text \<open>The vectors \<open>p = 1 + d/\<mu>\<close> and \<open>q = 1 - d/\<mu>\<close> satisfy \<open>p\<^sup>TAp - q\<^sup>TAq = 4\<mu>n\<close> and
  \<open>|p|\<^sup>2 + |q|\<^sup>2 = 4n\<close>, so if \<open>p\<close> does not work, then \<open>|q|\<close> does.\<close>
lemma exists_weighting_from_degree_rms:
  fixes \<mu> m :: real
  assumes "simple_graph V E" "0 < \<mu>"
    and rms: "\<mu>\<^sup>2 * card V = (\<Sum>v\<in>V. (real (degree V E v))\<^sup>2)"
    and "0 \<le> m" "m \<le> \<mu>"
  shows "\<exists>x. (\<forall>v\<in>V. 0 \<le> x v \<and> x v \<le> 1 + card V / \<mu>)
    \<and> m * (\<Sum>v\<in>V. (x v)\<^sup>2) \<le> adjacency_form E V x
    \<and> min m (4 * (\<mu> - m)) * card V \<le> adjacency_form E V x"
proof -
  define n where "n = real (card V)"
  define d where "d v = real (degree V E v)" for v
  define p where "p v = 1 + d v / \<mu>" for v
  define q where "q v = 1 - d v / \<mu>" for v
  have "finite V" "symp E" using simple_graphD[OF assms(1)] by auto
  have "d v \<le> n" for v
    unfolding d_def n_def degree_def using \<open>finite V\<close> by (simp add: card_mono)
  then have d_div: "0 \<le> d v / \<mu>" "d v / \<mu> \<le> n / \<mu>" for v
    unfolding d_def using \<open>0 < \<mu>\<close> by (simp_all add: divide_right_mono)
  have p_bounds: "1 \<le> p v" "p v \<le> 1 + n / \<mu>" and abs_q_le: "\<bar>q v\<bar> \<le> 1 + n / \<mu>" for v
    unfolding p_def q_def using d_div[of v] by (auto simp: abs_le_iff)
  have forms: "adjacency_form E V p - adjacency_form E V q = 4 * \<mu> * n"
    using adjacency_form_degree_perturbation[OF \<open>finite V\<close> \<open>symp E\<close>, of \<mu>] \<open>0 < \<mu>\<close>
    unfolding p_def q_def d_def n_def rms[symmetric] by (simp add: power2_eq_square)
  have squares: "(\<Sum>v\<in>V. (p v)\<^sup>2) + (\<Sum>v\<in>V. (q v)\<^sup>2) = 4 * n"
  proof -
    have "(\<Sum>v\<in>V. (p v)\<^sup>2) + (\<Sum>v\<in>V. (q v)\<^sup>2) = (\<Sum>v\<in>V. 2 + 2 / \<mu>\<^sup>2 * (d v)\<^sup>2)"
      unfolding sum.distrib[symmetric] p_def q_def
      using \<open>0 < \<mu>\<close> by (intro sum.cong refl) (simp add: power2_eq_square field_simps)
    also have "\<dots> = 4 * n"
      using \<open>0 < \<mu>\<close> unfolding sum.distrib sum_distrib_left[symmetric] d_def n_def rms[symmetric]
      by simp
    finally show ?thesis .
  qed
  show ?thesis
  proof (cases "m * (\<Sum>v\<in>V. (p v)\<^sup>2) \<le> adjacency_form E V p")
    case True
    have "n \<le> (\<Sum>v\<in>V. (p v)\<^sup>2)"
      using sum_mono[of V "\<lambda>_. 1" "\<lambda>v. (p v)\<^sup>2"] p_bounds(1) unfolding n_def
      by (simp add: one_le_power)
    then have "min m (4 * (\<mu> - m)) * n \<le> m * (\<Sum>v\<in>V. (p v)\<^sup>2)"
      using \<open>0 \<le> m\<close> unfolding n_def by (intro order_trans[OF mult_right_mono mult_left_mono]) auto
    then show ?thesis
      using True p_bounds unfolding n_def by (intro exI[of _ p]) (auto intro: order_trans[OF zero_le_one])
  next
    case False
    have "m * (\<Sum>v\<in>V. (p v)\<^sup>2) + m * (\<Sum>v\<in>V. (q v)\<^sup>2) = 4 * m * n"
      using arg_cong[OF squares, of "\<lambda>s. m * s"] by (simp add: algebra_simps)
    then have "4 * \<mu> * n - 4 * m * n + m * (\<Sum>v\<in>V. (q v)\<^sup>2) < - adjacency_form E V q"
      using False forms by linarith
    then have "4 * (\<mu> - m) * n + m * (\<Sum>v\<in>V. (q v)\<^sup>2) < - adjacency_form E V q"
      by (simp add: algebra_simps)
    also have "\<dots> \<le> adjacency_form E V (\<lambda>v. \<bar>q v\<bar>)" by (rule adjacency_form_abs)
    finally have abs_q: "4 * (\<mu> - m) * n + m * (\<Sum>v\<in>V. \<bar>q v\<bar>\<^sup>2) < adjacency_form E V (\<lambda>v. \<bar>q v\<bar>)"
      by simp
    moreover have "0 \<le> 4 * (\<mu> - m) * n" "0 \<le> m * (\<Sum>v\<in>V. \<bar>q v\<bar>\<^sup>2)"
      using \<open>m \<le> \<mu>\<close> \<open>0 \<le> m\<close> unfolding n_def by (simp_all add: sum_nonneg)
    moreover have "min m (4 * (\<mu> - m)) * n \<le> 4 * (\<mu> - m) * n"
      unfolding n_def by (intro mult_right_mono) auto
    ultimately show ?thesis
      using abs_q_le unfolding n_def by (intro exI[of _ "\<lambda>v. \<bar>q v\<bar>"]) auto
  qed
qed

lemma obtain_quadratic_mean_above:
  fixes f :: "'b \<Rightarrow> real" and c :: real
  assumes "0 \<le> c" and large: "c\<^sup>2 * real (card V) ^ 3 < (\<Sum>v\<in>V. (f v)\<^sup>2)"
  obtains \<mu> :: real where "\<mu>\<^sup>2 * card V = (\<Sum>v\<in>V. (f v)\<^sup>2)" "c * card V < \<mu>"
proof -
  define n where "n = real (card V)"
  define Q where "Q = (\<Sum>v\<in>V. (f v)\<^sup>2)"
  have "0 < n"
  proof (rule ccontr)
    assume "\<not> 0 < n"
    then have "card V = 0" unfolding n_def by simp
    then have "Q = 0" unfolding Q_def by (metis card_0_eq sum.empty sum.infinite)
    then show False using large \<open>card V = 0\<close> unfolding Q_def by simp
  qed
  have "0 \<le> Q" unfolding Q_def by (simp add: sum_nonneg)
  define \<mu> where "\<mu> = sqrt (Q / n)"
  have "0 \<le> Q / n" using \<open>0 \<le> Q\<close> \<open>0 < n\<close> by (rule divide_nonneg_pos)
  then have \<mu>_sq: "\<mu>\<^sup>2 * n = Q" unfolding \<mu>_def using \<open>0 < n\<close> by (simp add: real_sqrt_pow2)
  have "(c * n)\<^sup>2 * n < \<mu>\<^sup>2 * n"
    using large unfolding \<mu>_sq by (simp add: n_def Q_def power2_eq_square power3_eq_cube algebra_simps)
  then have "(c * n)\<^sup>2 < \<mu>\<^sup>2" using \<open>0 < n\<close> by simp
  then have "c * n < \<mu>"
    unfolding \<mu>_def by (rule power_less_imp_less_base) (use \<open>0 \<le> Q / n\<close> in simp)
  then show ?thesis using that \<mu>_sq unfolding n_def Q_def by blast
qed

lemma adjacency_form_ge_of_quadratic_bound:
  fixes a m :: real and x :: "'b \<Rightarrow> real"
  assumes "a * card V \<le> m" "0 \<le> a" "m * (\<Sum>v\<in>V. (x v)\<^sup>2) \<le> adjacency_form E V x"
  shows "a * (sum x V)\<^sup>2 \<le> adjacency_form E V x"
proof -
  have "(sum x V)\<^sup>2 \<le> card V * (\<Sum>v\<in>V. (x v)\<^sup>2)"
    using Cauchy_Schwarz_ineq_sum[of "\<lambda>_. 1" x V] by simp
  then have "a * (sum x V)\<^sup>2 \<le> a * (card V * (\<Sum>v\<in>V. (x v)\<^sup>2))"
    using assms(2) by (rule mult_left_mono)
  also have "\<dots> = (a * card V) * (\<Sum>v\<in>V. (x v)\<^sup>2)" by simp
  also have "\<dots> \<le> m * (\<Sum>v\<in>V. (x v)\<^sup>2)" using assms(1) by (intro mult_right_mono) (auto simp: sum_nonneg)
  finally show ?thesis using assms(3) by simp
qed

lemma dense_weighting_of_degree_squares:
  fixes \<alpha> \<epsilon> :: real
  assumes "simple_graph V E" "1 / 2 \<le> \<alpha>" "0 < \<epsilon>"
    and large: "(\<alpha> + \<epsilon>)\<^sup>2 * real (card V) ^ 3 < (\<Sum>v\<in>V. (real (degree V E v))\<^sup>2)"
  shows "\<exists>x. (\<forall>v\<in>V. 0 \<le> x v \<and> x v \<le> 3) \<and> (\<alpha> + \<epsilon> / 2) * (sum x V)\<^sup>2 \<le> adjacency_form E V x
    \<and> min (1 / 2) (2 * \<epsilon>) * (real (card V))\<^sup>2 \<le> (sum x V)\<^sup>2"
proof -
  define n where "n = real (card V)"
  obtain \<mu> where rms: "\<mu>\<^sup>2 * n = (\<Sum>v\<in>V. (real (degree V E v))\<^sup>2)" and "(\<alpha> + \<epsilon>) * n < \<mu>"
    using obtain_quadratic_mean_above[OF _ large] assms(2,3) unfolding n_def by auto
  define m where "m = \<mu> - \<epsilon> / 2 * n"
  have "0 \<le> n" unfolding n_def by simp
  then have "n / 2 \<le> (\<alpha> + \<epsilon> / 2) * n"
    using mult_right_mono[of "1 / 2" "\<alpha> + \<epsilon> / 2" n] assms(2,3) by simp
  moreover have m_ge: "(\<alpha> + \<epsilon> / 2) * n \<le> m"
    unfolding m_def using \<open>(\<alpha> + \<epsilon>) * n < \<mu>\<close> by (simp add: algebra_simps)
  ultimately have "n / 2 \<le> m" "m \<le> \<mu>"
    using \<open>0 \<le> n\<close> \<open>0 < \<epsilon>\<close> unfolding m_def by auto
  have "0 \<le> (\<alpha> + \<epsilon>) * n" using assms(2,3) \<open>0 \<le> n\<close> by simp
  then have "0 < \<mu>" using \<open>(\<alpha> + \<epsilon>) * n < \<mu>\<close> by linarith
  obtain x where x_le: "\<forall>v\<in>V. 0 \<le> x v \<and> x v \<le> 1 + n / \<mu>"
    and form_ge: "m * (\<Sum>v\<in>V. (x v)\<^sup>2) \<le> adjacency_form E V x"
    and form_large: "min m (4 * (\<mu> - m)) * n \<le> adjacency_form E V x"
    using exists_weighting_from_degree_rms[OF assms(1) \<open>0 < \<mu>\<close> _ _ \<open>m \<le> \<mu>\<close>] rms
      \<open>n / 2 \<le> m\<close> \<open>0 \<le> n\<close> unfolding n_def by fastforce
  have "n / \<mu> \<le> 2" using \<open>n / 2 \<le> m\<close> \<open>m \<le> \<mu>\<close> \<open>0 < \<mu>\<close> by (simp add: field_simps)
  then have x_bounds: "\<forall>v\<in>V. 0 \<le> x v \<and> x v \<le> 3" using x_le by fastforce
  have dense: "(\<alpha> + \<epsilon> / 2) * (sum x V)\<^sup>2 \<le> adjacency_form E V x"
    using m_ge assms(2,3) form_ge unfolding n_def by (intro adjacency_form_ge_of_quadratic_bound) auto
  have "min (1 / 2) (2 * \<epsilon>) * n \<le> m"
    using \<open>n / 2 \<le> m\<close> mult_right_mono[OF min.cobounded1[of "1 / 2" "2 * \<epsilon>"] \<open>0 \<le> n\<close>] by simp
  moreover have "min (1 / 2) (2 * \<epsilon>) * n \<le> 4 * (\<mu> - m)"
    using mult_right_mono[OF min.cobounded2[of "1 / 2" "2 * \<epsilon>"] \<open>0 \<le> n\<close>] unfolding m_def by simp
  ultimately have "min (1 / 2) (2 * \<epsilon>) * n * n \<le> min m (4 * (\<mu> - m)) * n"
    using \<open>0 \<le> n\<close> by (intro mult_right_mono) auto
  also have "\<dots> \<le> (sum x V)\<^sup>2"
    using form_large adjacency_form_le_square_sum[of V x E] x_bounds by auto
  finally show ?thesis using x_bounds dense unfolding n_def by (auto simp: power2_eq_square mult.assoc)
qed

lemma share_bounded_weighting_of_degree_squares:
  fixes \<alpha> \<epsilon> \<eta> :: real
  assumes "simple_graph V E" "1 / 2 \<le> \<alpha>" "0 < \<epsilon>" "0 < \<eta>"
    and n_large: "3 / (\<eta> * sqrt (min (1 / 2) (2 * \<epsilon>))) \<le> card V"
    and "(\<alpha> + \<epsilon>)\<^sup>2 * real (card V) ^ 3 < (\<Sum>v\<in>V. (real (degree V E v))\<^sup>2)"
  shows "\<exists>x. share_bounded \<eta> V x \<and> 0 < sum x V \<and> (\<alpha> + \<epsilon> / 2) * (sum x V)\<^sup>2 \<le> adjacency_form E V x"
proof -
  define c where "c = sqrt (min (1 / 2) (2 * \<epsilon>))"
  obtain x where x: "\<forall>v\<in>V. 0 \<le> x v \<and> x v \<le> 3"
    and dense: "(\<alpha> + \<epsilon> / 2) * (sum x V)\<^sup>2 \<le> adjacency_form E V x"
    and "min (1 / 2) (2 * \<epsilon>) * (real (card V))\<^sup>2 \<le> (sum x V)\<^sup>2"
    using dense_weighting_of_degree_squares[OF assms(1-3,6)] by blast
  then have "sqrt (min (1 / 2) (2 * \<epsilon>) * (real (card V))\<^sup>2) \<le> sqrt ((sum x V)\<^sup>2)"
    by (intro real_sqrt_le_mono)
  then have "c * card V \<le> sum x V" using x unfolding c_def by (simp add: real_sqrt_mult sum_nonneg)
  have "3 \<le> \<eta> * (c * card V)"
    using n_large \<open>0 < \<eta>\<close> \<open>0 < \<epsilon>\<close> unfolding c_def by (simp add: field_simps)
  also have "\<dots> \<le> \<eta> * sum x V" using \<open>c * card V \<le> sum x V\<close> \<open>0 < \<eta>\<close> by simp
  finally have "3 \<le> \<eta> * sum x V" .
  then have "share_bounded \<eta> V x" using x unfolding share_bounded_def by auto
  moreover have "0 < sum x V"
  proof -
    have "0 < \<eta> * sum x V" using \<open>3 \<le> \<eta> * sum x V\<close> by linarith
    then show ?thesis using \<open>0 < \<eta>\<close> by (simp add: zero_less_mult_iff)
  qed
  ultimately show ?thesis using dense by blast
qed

○ ○ ○

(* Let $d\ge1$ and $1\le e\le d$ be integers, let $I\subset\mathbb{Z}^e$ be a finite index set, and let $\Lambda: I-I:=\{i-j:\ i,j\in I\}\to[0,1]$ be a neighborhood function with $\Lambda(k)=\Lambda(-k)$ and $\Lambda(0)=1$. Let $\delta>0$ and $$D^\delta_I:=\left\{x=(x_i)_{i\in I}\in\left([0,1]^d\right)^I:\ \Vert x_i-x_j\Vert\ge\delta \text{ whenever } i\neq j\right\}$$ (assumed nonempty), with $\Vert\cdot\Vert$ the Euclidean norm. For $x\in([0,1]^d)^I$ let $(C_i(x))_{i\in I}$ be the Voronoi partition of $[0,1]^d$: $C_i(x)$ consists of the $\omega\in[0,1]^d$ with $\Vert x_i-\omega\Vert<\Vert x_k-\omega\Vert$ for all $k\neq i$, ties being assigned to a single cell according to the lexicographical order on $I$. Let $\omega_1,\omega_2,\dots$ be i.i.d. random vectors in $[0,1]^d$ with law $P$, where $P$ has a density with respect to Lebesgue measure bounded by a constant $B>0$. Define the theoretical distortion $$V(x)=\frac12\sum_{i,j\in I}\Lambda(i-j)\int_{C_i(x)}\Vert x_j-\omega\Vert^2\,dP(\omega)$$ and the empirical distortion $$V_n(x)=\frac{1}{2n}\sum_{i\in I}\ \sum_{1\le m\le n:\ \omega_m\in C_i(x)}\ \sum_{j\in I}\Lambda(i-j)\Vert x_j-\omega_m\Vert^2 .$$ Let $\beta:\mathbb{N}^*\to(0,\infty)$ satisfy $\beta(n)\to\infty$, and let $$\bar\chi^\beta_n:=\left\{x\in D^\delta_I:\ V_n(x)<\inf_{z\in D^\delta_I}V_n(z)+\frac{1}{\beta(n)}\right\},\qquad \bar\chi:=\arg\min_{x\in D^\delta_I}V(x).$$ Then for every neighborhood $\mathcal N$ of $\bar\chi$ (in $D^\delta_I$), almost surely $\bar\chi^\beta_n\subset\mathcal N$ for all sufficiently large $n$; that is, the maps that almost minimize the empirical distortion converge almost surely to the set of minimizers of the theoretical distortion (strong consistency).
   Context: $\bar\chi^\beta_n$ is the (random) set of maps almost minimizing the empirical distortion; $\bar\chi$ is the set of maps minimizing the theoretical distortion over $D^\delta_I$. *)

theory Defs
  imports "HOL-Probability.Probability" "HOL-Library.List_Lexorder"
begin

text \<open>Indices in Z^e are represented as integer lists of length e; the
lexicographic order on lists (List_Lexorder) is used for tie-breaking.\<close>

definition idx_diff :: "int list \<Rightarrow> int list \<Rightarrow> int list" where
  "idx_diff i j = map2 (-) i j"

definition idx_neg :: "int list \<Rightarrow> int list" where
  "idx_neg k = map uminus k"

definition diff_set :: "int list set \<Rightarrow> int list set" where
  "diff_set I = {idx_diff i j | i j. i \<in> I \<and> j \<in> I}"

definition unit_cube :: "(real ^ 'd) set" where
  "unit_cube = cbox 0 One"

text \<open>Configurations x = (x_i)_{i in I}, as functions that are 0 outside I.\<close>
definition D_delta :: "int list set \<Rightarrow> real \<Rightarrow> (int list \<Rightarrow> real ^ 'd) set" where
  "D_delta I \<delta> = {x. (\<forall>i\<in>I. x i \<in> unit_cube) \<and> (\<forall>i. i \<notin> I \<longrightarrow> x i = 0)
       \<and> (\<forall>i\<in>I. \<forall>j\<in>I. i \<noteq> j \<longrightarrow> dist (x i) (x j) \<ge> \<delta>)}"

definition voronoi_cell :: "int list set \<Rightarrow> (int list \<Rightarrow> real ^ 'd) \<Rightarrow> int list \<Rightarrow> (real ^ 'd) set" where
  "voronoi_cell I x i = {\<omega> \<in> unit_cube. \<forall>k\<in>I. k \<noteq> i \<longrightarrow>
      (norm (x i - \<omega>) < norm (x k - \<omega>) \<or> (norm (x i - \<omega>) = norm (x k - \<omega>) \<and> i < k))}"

○ ○ ○

Problem statement =>
Please copy each line of the material that contains the word "blast".

Task response =>
  then show ?thesis using that \<mu>_sq unfolding n_def Q_def by blast
    using dense_weighting_of_degree_squares[OF assms(1-3,6)] by blast
  ultimately show ?thesis using dense by blast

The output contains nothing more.